Profit calculation for churn prevention data mining models (part 2 of 3)

09.04.2011 Hilmar Buchta

SQL Server 2005 | SQL Server 2008 | SQL Server 2008R2

In part 1 of this mini series of data mining posts I showed how data mining can be used to optimize a churn prevention campaign by selecting the optimal sub sample of customers to receive a voucher. For this optimization I used a data mining model (without going into detail about the model itself). However, developing such a model is not always an easy task and can result in relevant additional costs. This post first looks at an “alternative” method which you might find easier to implement in the first step.

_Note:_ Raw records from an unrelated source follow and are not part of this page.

(* Let $\mathbb{H}$ be a real Hilbert space, $\mathbf{x}$ a random vector in $\mathbb{H}$ with $\mathbb{E}[\|\mathbf{x}\|^2]<\infty$, and $\mathcal{S}\boldsymbol{\theta}=\mathbb{E}[\langle\boldsymbol{\theta},\mathbf{x}\rangle\mathbf{x}]$. Assume $\mathcal{S}$ has an orthonormal basis $(\mathbf{e}_i)$ of eigenvectors with eigenvalues $0<\lambda_i<\tfrac12$. Let $\gamma\in(0,1)$ and $\mathcal{T}=\mathrm{Id}-\gamma\mathcal{S}$. Let $(t_n)_{n\ge1}$ be positive with $\sum_n\frac{1}{nt_n}<\infty$, let $\boldsymbol{\theta}\in\mathbb{H}$ and $0\le\kappa<\beta$. If $\|\mathcal{T}^n\boldsymbol{\theta}\|_\kappa^2\le\frac{1}{n^{\beta-\kappa}t_n}$ for all $n\ge1$, then $\|\boldsymbol{\theta}\|_\beta^2<\infty$.
   Context: For $\boldsymbol{\theta}=\sum_i\theta_i\mathbf{e}_i$ and $\beta\in\mathbb{R}$, $\|\boldsymbol{\theta}\|_\beta^2:=\sum_i\lambda_i^{-\beta}\theta_i^2\in[0,\infty]$. *)

theory Defs
  imports "HOL-Probability.Probability"
begin

definition cov_op :: "'w measure \<Rightarrow> ('w \<Rightarrow> 'a::{real_inner, complete_space, second_countable_topology}) \<Rightarrow> 'a \<Rightarrow> 'a" where
  "cov_op M x \<theta> = (LINT \<omega>|M. (inner \<theta> (x \<omega>)) *\<^sub>R x \<omega>)"

definition wnorm2 :: "('i \<Rightarrow> real) \<Rightarrow> ('i \<Rightarrow> 'a::real_inner) \<Rightarrow> real \<Rightarrow> 'a \<Rightarrow> ennreal" where
  "wnorm2 lam e \<beta> \<theta> = (\<Sum>\<^sub>\<infinity>i. ennreal (lam i powr (-\<beta>) * (inner \<theta> (e i))\<^sup>2))"

end

theory Submission
  imports Defs
begin

(* In the eigenbasis the iterates have coordinates (1 - \<gamma> \<lambda>_i)^n \<theta>_i, so with a = \<beta> - \<kappa> the
   hypothesis reads  sum_i \<lambda>_i^(-\<kappa>) (1 - \<gamma> \<lambda>_i)^(2n) \<theta>_i^2 \<le> 1 / (n^a t_n).  Multiplying by
   n^(a-1) and summing over n bounds  sum_i \<lambda>_i^(-\<kappa>) \<theta>_i^2 sum_n n^(a-1) (1 - \<gamma> \<lambda>_i)^(2n)  by
   sum_n 1 / (n t_n) < \<infinity>.  The inner sum over n is at least a constant times \<lambda>_i^(-a): the block
   1/(4\<lambda>_i) < n \<le> 1/(2\<lambda>_i) alone contributes that much, since there (1 - \<gamma> \<lambda>_i)^(2n) \<ge> e^(-4). *)

(* The Bochner integrability criteria of the library are stated for the class banach, which a type
   of sort {real_normed_vector, complete_space} need not belong to; its square does, and embedding
   g as (g, 0) transfers the criteria. *)

instance prod :: ("{real_normed_vector, complete_space}", "{real_normed_vector, complete_space}") banach ..

lemma integrable_bound_complete:
  fixes f :: "'a \<Rightarrow> real"
    and g :: "'a \<Rightarrow> 'b::{real_normed_vector, complete_space, second_countable_topology}"
  assumes "integrable M f" and "g \<in> borel_measurable M" and "AE x in M. norm (g x) \<le> f x"
  shows "integrable M g"
proof -
  have "integrable M (\<lambda>x. (g x, 0::'b))"
    using assms(2,3) by (intro Bochner_Integration.integrable_bound[OF assms(1)]) auto
  then have "integrable M (\<lambda>x. fst (g x, 0::'b))"
    by (rule integrable_bounded_linear[OF bounded_linear_fst])
  then show ?thesis
    by simp
qed

lemma inner_cov_op:
  assumes "x \<in> borel_measurable M" and "integrable M (\<lambda>\<omega>. (norm (x \<omega>))\<^sup>2)"
  shows "inner (cov_op M x v) w = (LINT \<omega>|M. inner v (x \<omega>) * inner (x \<omega>) w)"
proof -
  have "integrable M (\<lambda>\<omega>. inner v (x \<omega>) *\<^sub>R x \<omega>)"
  proof (rule integrable_bound_complete)
    show "integrable M (\<lambda>\<omega>. norm v * (norm (x \<omega>))\<^sup>2)"
      using assms(2) by simp
    show "(\<lambda>\<omega>. inner v (x \<omega>) *\<^sub>R x \<omega>) \<in> borel_measurable M"
      using assms(1) by measurable
    show "AE \<omega> in M. norm (inner v (x \<omega>) *\<^sub>R x \<omega>) \<le> norm v * (norm (x \<omega>))\<^sup>2"
      by (auto simp: power2_eq_square mult.assoc[symmetric] intro!: mult_right_mono Cauchy_Schwarz_ineq2)
  qed
  then show ?thesis
    by (simp add: cov_op_def flip: integral_inner_left)
qed

lemma inner_cov_op_eigenvector:
  assumes "x \<in> borel_measurable M" and "integrable M (\<lambda>\<omega>. (norm (x \<omega>))\<^sup>2)"
    and "cov_op M x e = l *\<^sub>R e"
  shows "inner (cov_op M x v) e = l * inner v e"
proof -
  have "inner (cov_op M x v) e = inner (cov_op M x e) v"
    unfolding inner_cov_op[OF assms(1,2)] by (simp add: inner_commute mult.commute)
  then show ?thesis
    using assms(3) by (simp add: inner_commute)
qed

lemma inner_funpow_eigen:
  assumes "\<And>v. inner (A v) e = \<mu> * inner v e"
  shows "inner ((A ^^ n) v) e = \<mu> ^ n * inner v e"
  by (induction n) (simp_all add: assms)

lemma inner_gradient_iterate_eigenvector:
  assumes "x \<in> borel_measurable M" and "integrable M (\<lambda>\<omega>. (norm (x \<omega>))\<^sup>2)"
    and "cov_op M x e = l *\<^sub>R e"
  shows "inner (((\<lambda>v. v - \<gamma> *\<^sub>R cov_op M x v) ^^ n) \<theta>) e = (1 - \<gamma> * l) ^ n * inner \<theta> e"
  by (rule inner_funpow_eigen)
    (simp add: inner_diff_left inner_cov_op_eigenvector[OF assms] algebra_simps)

lemma sum_le_of_wnorm2_le:
  assumes "finite F" and "wnorm2 lam e \<beta> \<theta> \<le> ennreal B" and "0 \<le> B"
  shows "(\<Sum>i\<in>F. lam i powr (-\<beta>) * (inner \<theta> (e i))\<^sup>2) \<le> B"
proof -
  have "ennreal (\<Sum>i\<in>F. lam i powr (-\<beta>) * (inner \<theta> (e i))\<^sup>2)
      = (\<Sum>\<^sub>\<infinity>i\<in>F. ennreal (lam i powr (-\<beta>) * (inner \<theta> (e i))\<^sup>2))"
    using assms(1) by (simp add: sum_ennreal)
  also have "\<dots> \<le> wnorm2 lam e \<beta> \<theta>"
    unfolding wnorm2_def by (rule infsum_mono_neutral) (simp_all add: nonneg_summable_on_complete)
  also have "\<dots> \<le> ennreal B"
    by (fact assms(2))
  finally show ?thesis
    using assms(3) by (simp add: ennreal_le_iff)
qed

lemma wnorm2_le:
  assumes "\<And>F. finite F \<Longrightarrow> (\<Sum>i\<in>F. lam i powr (-\<beta>) * (inner \<theta> (e i))\<^sup>2) \<le> B"
  shows "wnorm2 lam e \<beta> \<theta> \<le> ennreal B"
  unfolding wnorm2_def
proof (rule infsum_le_finite_sums)
  fix F :: "'a set" assume "finite F"
  then show "(\<Sum>i\<in>F. ennreal (lam i powr (-\<beta>) * (inner \<theta> (e i))\<^sup>2)) \<le> ennreal B"
    using assms by (simp add: sum_ennreal ennreal_leI)
qed (simp add: nonneg_summable_on_complete)

lemma exp_le_one_minus_power:
  fixes y :: real
  assumes "0 \<le> y" and "y \<le> 1/2"
  shows "exp (- 2 * m * y) \<le> (1 - y) ^ m"
proof -
  have "- 2 * y \<le> ln (1 - y)"
  proof -
    have "y\<^sup>2 \<le> y / 2"
      using mult_left_mono[of "2 * y" 1 y] assms by (simp add: power2_eq_square)
    then show ?thesis
      using ln_one_minus_pos_lower_bound[OF assms] by linarith
  qed
  then have "exp (m * (- 2 * y)) \<le> exp (m * ln (1 - y))"
    by (intro exp_mono mult_left_mono) auto
  also have "\<dots> = (1 - y) ^ m"
    using assms by (simp add: exp_of_nat_mult)
  finally show ?thesis
    by (simp add: mult_ac)
qed

lemma nat_between_half_and_whole:
  fixes r :: real
  assumes "1 \<le> r"
  obtains K :: nat where "1 \<le> K" and "r \<le> 2 * K" and "K \<le> r"
proof -
  have "real (nat \<lfloor>r\<rfloor>) = \<lfloor>r\<rfloor>" and "1 \<le> \<lfloor>r\<rfloor>"
    using assms by simp_all
  then show thesis
    by (intro that[of "nat \<lfloor>r\<rfloor>"]) linarith+
qed

lemma powr_neg_le_weighted_geometric_sum:
  fixes l g a :: real
  assumes l: "0 < l" "l \<le> 1/2" and g: "0 \<le> g" "g \<le> 1" and a: "0 < a" and N: "1 / l < N"
  shows "l powr (-a) \<le> 2 * exp 4 * 4 powr a * (\<Sum>n<N. real n powr (a - 1) * (1 - g * l) ^ (2 * n))"
proof -
  have gl: "0 \<le> g * l" "g * l \<le> 1/2"
  proof -
    have "g * l \<le> l"
      using g l by (intro mult_left_le_one_le) auto
    then show "g * l \<le> 1/2"
      using l by linarith
    show "0 \<le> g * l"
      using g l by simp
  qed
  obtain K :: nat where K: "1 \<le> K" "1 / (2 * l) \<le> 2 * K" "K \<le> 1 / (2 * l)"
    using nat_between_half_and_whole[of "1 / (2 * l)"] l by (auto simp: field_simps)
  have term_ge: "K powr a / (2 * K) * exp (-4) \<le> real n powr (a - 1) * (1 - g * l) ^ (2 * n)"
    if n: "n \<in> {K<..2 * K}" for n
  proof -
    have nK: "K \<le> real n" "real n \<le> 2 * K"
      using n by auto
    have "n * l \<le> 2 * K * l"
      using nK l by (intro mult_right_mono) auto
    also have "\<dots> \<le> 1"
      using K(3) l by (simp add: field_simps)
    finally have "n * l \<le> 1" .
    moreover have "g * (n * l) \<le> n * l"
      using g l by (intro mult_left_le_one_le) auto
    ultimately have "- 4 \<le> - 2 * real (2 * n) * (g * l)"
      by (simp add: mult_ac)
    then have "exp (-4) \<le> exp (- 2 * real (2 * n) * (g * l))"
      by simp
    also have "\<dots> \<le> (1 - g * l) ^ (2 * n)"
      using gl by (rule exp_le_one_minus_power)
    finally have exp_le: "exp (-4) \<le> (1 - g * l) ^ (2 * n)" .
    have "K powr a / (2 * K) \<le> real n powr a / real n"
      using nK K(1) a by (intro frac_le powr_mono2) auto
    also have "\<dots> = real n powr (a - 1)"
      using nK K(1) by (simp add: powr_diff)
    finally show ?thesis
      using exp_le by (intro mult_mono) auto
  qed
  have "l powr (-a) = 2 * exp 4 * 4 powr a * (exp (-4) * (1 / (4 * l)) powr a / 2)"
    using l by (simp add: exp_minus powr_divide powr_mult powr_minus field_simps)
  also have "\<dots> \<le> 2 * exp 4 * 4 powr a * (exp (-4) * K powr a / 2)"
    using K l a by (intro mult_left_mono divide_right_mono powr_mono2) auto
  also have "exp (-4) * K powr a / 2 = (\<Sum>n\<in>{K<..2 * K}. K powr a / (2 * K) * exp (-4))"
    using K(1) by simp
  also have "\<dots> \<le> (\<Sum>n\<in>{K<..2 * K}. real n powr (a - 1) * (1 - g * l) ^ (2 * n))"
    using term_ge by (rule sum_mono)
  also have "\<dots> \<le> (\<Sum>n<N. real n powr (a - 1) * (1 - g * l) ^ (2 * n))"
  proof (rule sum_mono2)
    have "real (2 * K) \<le> 1 / l"
      using K(3) l by (simp add: field_simps)
    then have "2 * K < N"
      using N by linarith
    then show "{K<..2 * K} \<subseteq> {..<N}"
      by auto
  qed (use gl in auto)
  finally show ?thesis
    by simp
qed

lemma weighted_sum_le_of_decay:
  fixes lam c :: "'i \<Rightarrow> real" and t :: "nat \<Rightarrow> real"
  assumes F: "finite F" and lam: "\<And>i. i \<in> F \<Longrightarrow> 0 < lam i \<and> lam i \<le> 1/2"
    and \<gamma>: "0 \<le> \<gamma>" "\<gamma> \<le> 1" and \<kappa>\<beta>: "\<kappa> < \<beta>"
    and t: "\<And>n. 1 \<le> n \<Longrightarrow> 0 < t n" and summable: "summable (\<lambda>n. 1 / (real n * t n))"
    and decay: "\<And>n. 1 \<le> n \<Longrightarrow>
      (\<Sum>i\<in>F. lam i powr (-\<kappa>) * ((1 - \<gamma> * lam i) ^ n * c i)\<^sup>2) \<le> 1 / (real n powr (\<beta> - \<kappa>) * t n)"
  shows "(\<Sum>i\<in>F. lam i powr (-\<beta>) * (c i)\<^sup>2)
    \<le> 2 * exp 4 * 4 powr (\<beta> - \<kappa>) * (\<Sum>n. 1 / (real n * t n))"
proof -
  define a where "a = \<beta> - \<kappa>"
  define C where "C = 2 * exp 4 * 4 powr a"
  define p where "p n = real n powr (a - 1)" for n :: nat
  obtain N :: nat where N: "(\<Sum>i\<in>F. 1 / lam i) < N"
    using reals_Archimedean2 by blast
  have lam_powr: "lam i powr (-a) \<le> C * (\<Sum>n<N. p n * (1 - \<gamma> * lam i) ^ (2 * n))"
    if i: "i \<in> F" for i
  proof -
    have "1 / lam i \<le> (\<Sum>i\<in>F. 1 / lam i)"
      using F i lam by (intro member_le_sum) (auto simp: less_imp_le)
    then show ?thesis
      unfolding C_def p_def a_def using lam[OF i] \<gamma> \<kappa>\<beta> N by (intro powr_neg_le_weighted_geometric_sum) auto
  qed
  have "(\<Sum>i\<in>F. lam i powr (-\<beta>) * (c i)\<^sup>2) = (\<Sum>i\<in>F. lam i powr (-\<kappa>) * (c i)\<^sup>2 * lam i powr (-a))"
    unfolding a_def by (intro sum.cong) (simp_all add: powr_add[symmetric])
  also have "\<dots> \<le> (\<Sum>i\<in>F. lam i powr (-\<kappa>) * (c i)\<^sup>2 * (C * (\<Sum>n<N. p n * (1 - \<gamma> * lam i) ^ (2 * n))))"
    using lam_powr by (intro sum_mono mult_left_mono) auto
  also have "\<dots> = C * (\<Sum>n<N. p n * (\<Sum>i\<in>F. lam i powr (-\<kappa>) * ((1 - \<gamma> * lam i) ^ n * c i)\<^sup>2))"
    by (simp add: sum_distrib_left sum.swap[of _ F] power_mult_distrib power_mult[symmetric] mult_ac)
  also have "\<dots> \<le> C * (\<Sum>n<N. 1 / (real n * t n))"
  proof (intro mult_left_mono sum_mono)
    fix n
    show "p n * (\<Sum>i\<in>F. lam i powr (-\<kappa>) * ((1 - \<gamma> * lam i) ^ n * c i)\<^sup>2) \<le> 1 / (real n * t n)"
    proof (cases "n = 0")
      case False
      then have "p n * (\<Sum>i\<in>F. lam i powr (-\<kappa>) * ((1 - \<gamma> * lam i) ^ n * c i)\<^sup>2)
          \<le> p n * (1 / (real n powr a * t n))"
        unfolding a_def p_def by (intro mult_left_mono decay) auto
      also have "\<dots> = 1 / (real n * t n)"
        using False t[of n] by (simp add: p_def powr_diff field_simps)
      finally show ?thesis .
    qed (simp add: p_def) \<comment> \<open>both sides vanish at n = 0, as 0 powr _ = 0 and 1 / 0 = 0\<close>
  qed (simp add: C_def)
  also have "\<dots> \<le> C * (\<Sum>n. 1 / (real n * t n))"
  proof (intro mult_left_mono sum_le_suminf[OF summable])
    show "0 \<le> 1 / (real n * t n)" for n
      using t[of n] by (cases "n = 0") auto
  qed (auto simp: C_def)
  finally show ?thesis
    unfolding C_def a_def .
qed

theorem proposition3:
  fixes M :: "'w measure"
    and x :: "'w \<Rightarrow> 'a::{real_inner, complete_space, second_countable_topology}"
    and e :: "'i \<Rightarrow> 'a" and lam :: "'i \<Rightarrow> real"
    and \<gamma> \<kappa> \<beta> :: real and t :: "nat \<Rightarrow> real" and \<theta> :: 'a
  assumes "prob_space M"
    and "x \<in> borel_measurable M"
    and "integrable M (\<lambda>\<omega>. (norm (x \<omega>))\<^sup>2)"
    and "\<forall>i. norm (e i) = 1"
    and "\<forall>i j. i \<noteq> j \<longrightarrow> inner (e i) (e j) = 0"
    and "closure (span (range e)) = UNIV"
    and "\<forall>i. cov_op M x (e i) = lam i *\<^sub>R e i"
    and "\<forall>i. 0 < lam i \<and> lam i < 1/2"
    and "0 < \<gamma>" and "\<gamma> < 1"
    and "\<forall>n\<ge>1. 0 < t n"
    and "summable (\<lambda>n. 1 / (real n * t n))"
    and "0 \<le> \<kappa>" and "\<kappa> < \<beta>"
    and "\<forall>n\<ge>1. wnorm2 lam e \<kappa> (((\<lambda>v. v - \<gamma> *\<^sub>R cov_op M x v) ^^ n) \<theta>)
                 \<le> ennreal (1 / (real n powr (\<beta> - \<kappa>) * t n))"
  shows "wnorm2 lam e \<beta> \<theta> < \<infinity>"
proof -
  have decay: "(\<Sum>i\<in>F. lam i powr (-\<kappa>) * ((1 - \<gamma> * lam i) ^ n * inner \<theta> (e i))\<^sup>2)
      \<le> 1 / (real n powr (\<beta> - \<kappa>) * t n)" if "finite F" and "1 \<le> n" for F n
    using sum_le_of_wnorm2_le[OF that(1) assms(15)[rule_format, OF that(2)]] assms(11) that(2)
    by (simp add: inner_gradient_iterate_eigenvector[OF assms(2,3) assms(7)[rule_format]] less_imp_le)
  have lam_bounds: "0 < lam i \<and> lam i \<le> 1/2" for i
    using assms(8) by (simp add: less_imp_le)
  have t_pos: "0 < t n" if "1 \<le> n" for n
    using assms(11) that by blast
  have "wnorm2 lam e \<beta> \<theta> \<le> ennreal (2 * exp 4 * 4 powr (\<beta> - \<kappa>) * (\<Sum>n. 1 / (real n * t n)))"
  proof (rule wnorm2_le)
    fix F :: "'i set"
    assume F: "finite F"
    show "(\<Sum>i\<in>F. lam i powr (-\<beta>) * (inner \<theta> (e i))\<^sup>2)
        \<le> 2 * exp 4 * 4 powr (\<beta> - \<kappa>) * (\<Sum>n. 1 / (real n * t n))"
      by (rule weighted_sum_le_of_decay[OF F lam_bounds less_imp_le[OF assms(9)] less_imp_le[OF assms(10)]
            assms(14) t_pos assms(12) decay[OF F]])
  qed
  also have "\<dots> < \<infinity>"
    by simp
  finally show ?thesis .
qed

end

In fact, when facing any kind of optimization or prediction problem, data mining should not be the only option you’re taking into account.

With our data mining approach we were able to transform the average churn rate of the customers (used by the trivial model first) into a customer specific churn rate. By sorting the customers by this individual churn rate we could address those customers first, for which is was most likely that they will not return. This made our investment more efficient.

For the next approach, we will ignore this individual churn score and go back to the average churn score of 50% from the example of my last post. But now we will be looking at a customer specific profit. Depending on your data, profit may be replaced by some other value measure for the customer (revenue, customer life time value etc.).

In the same way as in the previous approach, we can simply sort our customers by their value in descending order and address the customers with the highest value first. Again, the warning from my last post also applies here: The customers with the highest value might not respond to the $10 voucher in the same way as customers with a lower value. I will get back to this point later.

In the same way as before we can calculate the costs per customer:

Option Costs
Option 1: Customers gets no voucher [average churn rate] x [customer profit]
Option 2: Customer gets voucher [average churn rate] x (1- [prevention success rate]) x [customer profit]
+ [cost of a single voucher]
[average churn rate] x [over all prevention success rate] x [customer profit]
+ [cost of a single voucher]

For my sample data, the chart (now including the trivial approach, the churn score approach and the new profit based approach) looks like this:


As you can see, for my test data both approaches (green and red line) perform almost in the same way. However, this highly depends on your customer base and I adjusted my data in a way not to prefer one of the two approaches. If there is a low variance in your customer values (almost the same value for every customer) the method based on the value will perform almost as bad as the trivial approach (as it gives no benefit then). If the variance is high, the value based method might easily outperform a purely data mining driven score calculation.

Another good idea would be to combine both methods. Instead of ordering the customers by value or churn score we could sort them by the product [customer values] x [churn score]. In this case both parameters are variables and the calculation looks somewhat like this:

Option Costs
Option 1: Customers gets no voucher [churn score] x [customer profit]
Option 2: Customer gets voucher [churn score] x (1- [prevention success rate]) x [customer profit]
+ [cost of a single voucher]

For my sample data the chart output of all four methods shows that the combination is superior (which should be expected in most real world scenarios):


In my example the optimizations using only profit (value) or only churn score give an improvement by about 5.5% to 6% while the combination (purple line in the chart) gives about 10.2%.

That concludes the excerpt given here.